I think it's not fair; water is a common good, everyone's good, and if we are human beings, we vote and pay taxes. I think the least the government could be doing is giving us the right we have, and that's what we're fighting for (Woman, Córrego do Rocha).

3.2 The centrality of water in the life of quilombolas

Water is life. And water is life itself. It's real life (Woman 9, Córrego do Narciso).

In Córrego do Narciso and Córrego do Rocha, one often hears the phrase “water is life. At least two communities were named after streams (“córregos”). In the not-too-distant past, every social organization of the communities was organized:

When my mother raised us in childhood, this stream was not dry. Since 2013, the rain has started to decrease, I think. My late mother raised us in the creek mining. When she wasn't on the farm, she was digging. Because if there was no income on my mother's side, my father also had no income. (…) Then my mother would spend some time on the farm and some time in the stream, digging for gold to support us. There everyone went to the stream; the big kids, right, the little kids, the babies, and so that was our childhood, right? (Woman 8, Córrego do Rocha).

Water is not only a source of sustenance, but it marks the passage of time, activities, traditions, care practices, relationships, and life stories. This centrality of water in the lives of quilombola women makes its lack the root of the main “problems.” A woman speaks of water as the only determinant of life in her community and highlights the contrast between dry weather and “water” weather as if there were two Jequitinhonhas:

But if you came here at the time of the waters, you would say: Oh, guys, but here it's really good; it makes me want to live here. Here it's green; there's water for all sides, you can't handle it (…) Here [at the time of] the waters, here, it's very good, but when it's in the dry season, only the water is what mistreats us. (…) The hardest [part] here is just the water (Woman 9, Córrego do Rocha).

She says that “[at the time of] the waters,” everything is rushed; it is when we have to wake up early and spend the day working on the land. The dry weather involves waiting, planning, and time to protect the seeds for when they can be planted. As another women, a resident of Córrego do Rocha, says: “My mother, the “andú” [beans] she plants, the beans, she collects it, she storages it. This year we already have beans — when it rains, just go to the land and plant them.” Life is marked by this seasonality of water.

On the other hand, rain can cause problems, like impacting communities’ access to neighboring cities due to the precariousness of roads. Another participant says that in Córrego do Rocha, “When the first storm comes, if it is a really good storm, that’s the end of that road.” Isolation in the rainy season is a concern, especially when there are health problems and the need to seek care, which always involves an extensive journey, carried out in the most different ways: a same section of the road can be traveled on horseback, on foot, by wheelbarrow, on someone else’s lap, by motorcycle or by car. Maria takes care of two children and a physically disabled sister-in-law and had to pay from her own pocket to build a road to her house after getting tired of demanding that this be done by the city. She reports the difficulties she has already experienced as a result:

When my children get sick, or my sister-in-law … for me to take them is sad. And I carry them in the wheelbarrow or take them in the trunk to the stream crossing there; when it breaks, when it's the water, it's a real burden (Woman 1, Córrego do Rocha).

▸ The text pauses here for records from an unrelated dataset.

lemma almost_least_of_almost_chain:
  assumes "finite F" "F \<noteq> {}" "F \<subseteq> S"
    and chain: "\<forall>X\<in>S. \<forall>Y\<in>S. almost_subset X Y \<or> almost_subset Y X"
  shows "\<exists>X\<in>F. almost_subset X (\<Inter>F)"
  using assms(1-3)
proof (induction F rule: finite_ne_induct)
  case (singleton X)
  then show ?case by (simp add: almost_subset_def)
next
  case (insert X F)
  then obtain Y where Y: "Y \<in> F" "finite (Y - \<Inter>F)"
    unfolding almost_subset_def by auto
  have "almost_subset X Y \<or> almost_subset Y X"
    using chain insert.prems Y(1) by auto
  then show ?case
  proof
    assume "almost_subset X Y"
    moreover have "X - \<Inter>(insert X F) \<subseteq> (X - Y) \<union> (Y - \<Inter>F)" by auto
    ultimately show ?thesis
      using Y(2) unfolding almost_subset_def by (meson finite_UnI finite_subset insertI1)
  next
    assume "almost_subset Y X"
    moreover have "Y - \<Inter>(insert X F) \<subseteq> (Y - X) \<union> (Y - \<Inter>F)" by auto
    ultimately show ?thesis
      using Y unfolding almost_subset_def by (meson finite_UnI finite_subset insertI2)
  qed
qed

lemma infinite_Inter_almost_chain:
  assumes "finite F" "F \<noteq> {}" "F \<subseteq> S" "\<forall>X\<in>S. infinite X"
    and "\<forall>X\<in>S. \<forall>Y\<in>S. almost_subset X Y \<or> almost_subset Y X"
  shows "infinite (\<Inter>F)"
proof -
  obtain X where "X \<in> F" "finite (X - \<Inter>F)"
    using almost_least_of_almost_chain[OF assms(1,2,3,5)] unfolding almost_subset_def by blast
  moreover have "X \<subseteq> (X - \<Inter>F) \<union> \<Inter>F" by blast
  ultimately show ?thesis
    using assms(3,4) by (meson finite_UnI finite_subset subsetD)
qed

Despite this problem, rains are still considered a blessing, as it is currently from them that much of the water supply in the two communities comes through cisterns, wide fields, and small dams. Rainwater is seen as a divine gift, according to several women: “water that God poured on the ground”; “the water of rain, of the earth, that God sent; “God will not let me die of thirst”; “That dry area, there, dry, dry, dry, dry. Only God will have mercy on us, right?” Some women have reported using chlorine provided by health officials or P&G sachets donated by NGOs to purify water for drinking, but not all engage in this practice since they believe rainwater is clean. In the dry season, rainwater reservoirs are insufficient, and families must depend on municipal or private water trucks. A woman says that the city only sends a truck every 2 months and that the amount of water is not enough for this time: “[It’s supposed to last] for 60 days, for example, with a truck of 12,000 [liters], sometimes 8,000 liters, to be for 60 days. It is something that you go through a lot of difficulties; it is a very sad thing” (Woman 7, Córrego do Narciso). In addition, another woman reports that the county truck takes a long time to arrive: “It has happened here where we ask for it, but it takes too long, and since we cannot survive without water, we have to save as much as we can for us to go buy it, right? (Woman 3, Córrego do Rocha). A participant says that the trucks arrive faster in election season, but that in general, “if you schedule a tank truck, it goes 30 days, up to 90 days without water” (Woman 4, Córrego do Narciso).

3.3 Relationship with territory and migration

And I'm here until the day God says: "I'm going to take you." Because I don't plan to move from here either, I've gotten used to it. Like I told you, I don't even like going to the city; I don't like it; the day I go to the city, I end up with a headache. Because we already got used to this little piece of land here, and that’s just me, right? And lack of water, we don't have water, but we get used to it, right? (Woman 5, Córrego do Rocha).

To quilombola women, the land represents more than just physical space. It means affections, customs, relationships, and ancestry. Despite the limitations linked to the lack of water, many women continue to stand firm, occupying the land they have built their history for many generations. The lack of water, however, has forced more and more families to move:

It is so sad for the family that leaves and so sad for the family that stands firm. Because quilombo is resistance, right? So, it is for those who stand firm. For example, how many families have you seen here today, right? Who are here? And how many houses are locked up in there? Why didn't they stand firm? And what about sorrow? (Woman 2, Córrego do Rocha).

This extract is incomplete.